▸ Exercise brief: Nothing below is to be printed except the lines between the line holding "theory Submission" and the line holding "bounded below, so", inclusive, each exactly as it appears.

[Dataset entries]
——

(* Let $f:\mathbb{R}\to\mathbb{C}$ be a Lebesgue measurable function which is not zero almost everywhere and which has faster than exponential decay, i.e. $\lim_{x\to\infty}|f(x)|e^{cx}=0$ for every $c>0$. Then for every $b>0$, $\mathcal G(f,\mathbb{R}\times b\mathbb{Z})$ is linearly independent.
   Context: For $a,t\in\mathbb{R}$, $M_aT_tf(x)=e^{2\pi i a x}f(x-t)$, and $\mathcal G(f,\mathbb{R}\times b\mathbb{Z})=\{M_aT_tf: a\in\mathbb{R},\ t\in b\mathbb{Z}\}$. Measurable functions equal a.e. are identified; this system is linearly independent if every finite linear combination of its elements over distinct pairs $(a,t)$ with coefficients not all zero is not zero almost everywhere. *)

theory Defs
  imports "HOL-Analysis.Analysis"
begin

definition MT :: "real \<Rightarrow> real \<Rightarrow> (real \<Rightarrow> complex) \<Rightarrow> real \<Rightarrow> complex" where
  "MT a t f x = exp (2 * complex_of_real pi * \<i> * complex_of_real a * complex_of_real x) * f (x - t)"

definition gabor_lin_indep :: "(real \<Rightarrow> complex) \<Rightarrow> real \<Rightarrow> bool" where
  "gabor_lin_indep f b \<longleftrightarrow>
     (\<forall>S (c :: real \<times> real \<Rightarrow> complex).
        finite S \<and> S \<subseteq> UNIV \<times> {t. \<exists>k::int. t = b * of_int k} \<and> (\<exists>p\<in>S. c p \<noteq> 0) \<longrightarrow>
        \<not> (AE x in lebesgue. (\<Sum>p\<in>S. c p * MT (fst p) (snd p) f x) = 0))"

end

theory Submission
  imports Defs "HOL-Computational_Algebra.Polynomial"
begin

text \<open>
  Suppose a finite combination with time shifts in b\<int> vanishes almost everywhere, and let t be the
  largest shift carrying a nonzero coefficient. Evaluating at z + t isolates the terms with shift t:
  Q(z) f(z) is a combination of the values f(z + k b), 1 \<le> k \<le> K, where Q is an exponential sum
  with distinct frequencies and a nonzero coefficient. Iterating along z + n b bounds |f(z)| by the
  product of the factors max 1 (C / |Q(z + j b)|), j < N, times values of f beyond z + N b, which
  decay faster than any exponential. At every point some derivative of Q of order at most D is
  bounded below, so by a van der Corput type estimate the set where |Q| < \<delta> has measure
  O(\<delta>^(1/D)) in every window of fixed length; hence ln (1 / |Q|) is integrable over such windows,
  uniformly under translation. Markov's inequality then bounds the product by e^(L N) outside a set
  of measure O(1/L), and letting N and then L grow shows that f vanishes almost everywhere.
\<close>

section \<open>Sublevel sets of functions with a large derivative\<close>

lemma MVT_abs:
  fixes g g' :: "real \<Rightarrow> real"
  assumes "\<And>x. (g has_real_derivative g' x) (at x)"
  shows "\<exists>z \<in> closed_segment u v. \<bar>g v - g u\<bar> = \<bar>g' z\<bar> * \<bar>v - u\<bar>"
proof (cases u v rule: linorder_cases)
  case less
  then obtain z where "u < z" "z < v" "g v - g u = (v - u) * g' z"
    using MVT2[of u v g g'] assms by blast
  with less show ?thesis
    by (intro bexI[of _ z]) (auto simp: abs_mult closed_segment_eq_real_ivl)
next
  case greater
  then obtain z where "v < z" "z < u" "g u - g v = (u - v) * g' z"
    using MVT2[of v u g g'] assms by blast
  with greater show ?thesis
    by (intro bexI[of _ z]) (auto simp: abs_mult closed_segment_eq_real_ivl abs_minus_commute)
qed simp

lemma abs_diff_ge_of_deriv_ge:
  fixes g g' :: "real \<Rightarrow> real"
  assumes "\<And>x. (g has_real_derivative g' x) (at x)"
    and "\<forall>x\<in>{a..b}. \<eta> \<le> \<bar>g' x\<bar>" and "u \<in> {a..b}" "v \<in> {a..b}"
  shows "\<eta> * \<bar>v - u\<bar> \<le> \<bar>g v - g u\<bar>"
proof -
  obtain z where z: "z \<in> closed_segment u v" "\<bar>g v - g u\<bar> = \<bar>g' z\<bar> * \<bar>v - u\<bar>"
    using MVT_abs[OF assms(1)] by blast
  have "z \<in> {a..b}"
    using z(1) assms(3,4) by (auto simp: closed_segment_eq_real_ivl split: if_splits)
  with assms(2) z(2) show ?thesis
    by (simp add: mult_right_mono)
qed

lemma abs_diff_le_of_deriv_le:
  fixes g g' :: "real \<Rightarrow> real"
  assumes "\<And>x. (g has_real_derivative g' x) (at x)" and "\<And>x. \<bar>g' x\<bar> \<le> B"
  shows "\<bar>g v - g u\<bar> \<le> B * \<bar>v - u\<bar>"
  using MVT_abs[OF assms(1), of u v] assms(2) by (metis abs_ge_zero mult_right_mono)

——

▸ Task output:
theory Submission
  imports Defs "HOL-Computational_Algebra.Polynomial"
begin

text \<open>
  Suppose a finite combination with time shifts in b\<int> vanishes almost everywhere, and let t be the
  largest shift carrying a nonzero coefficient. Evaluating at z + t isolates the terms with shift t:
  Q(z) f(z) is a combination of the values f(z + k b), 1 \<le> k \<le> K, where Q is an exponential sum
  with distinct frequencies and a nonzero coefficient. Iterating along z + n b bounds |f(z)| by the
  product of the factors max 1 (C / |Q(z + j b)|), j < N, times values of f beyond z + N b, which
  decay faster than any exponential. At every point some derivative of Q of order at most D is
  bounded below, so by a van der Corput type estimate the set where |Q| < \<delta> has measure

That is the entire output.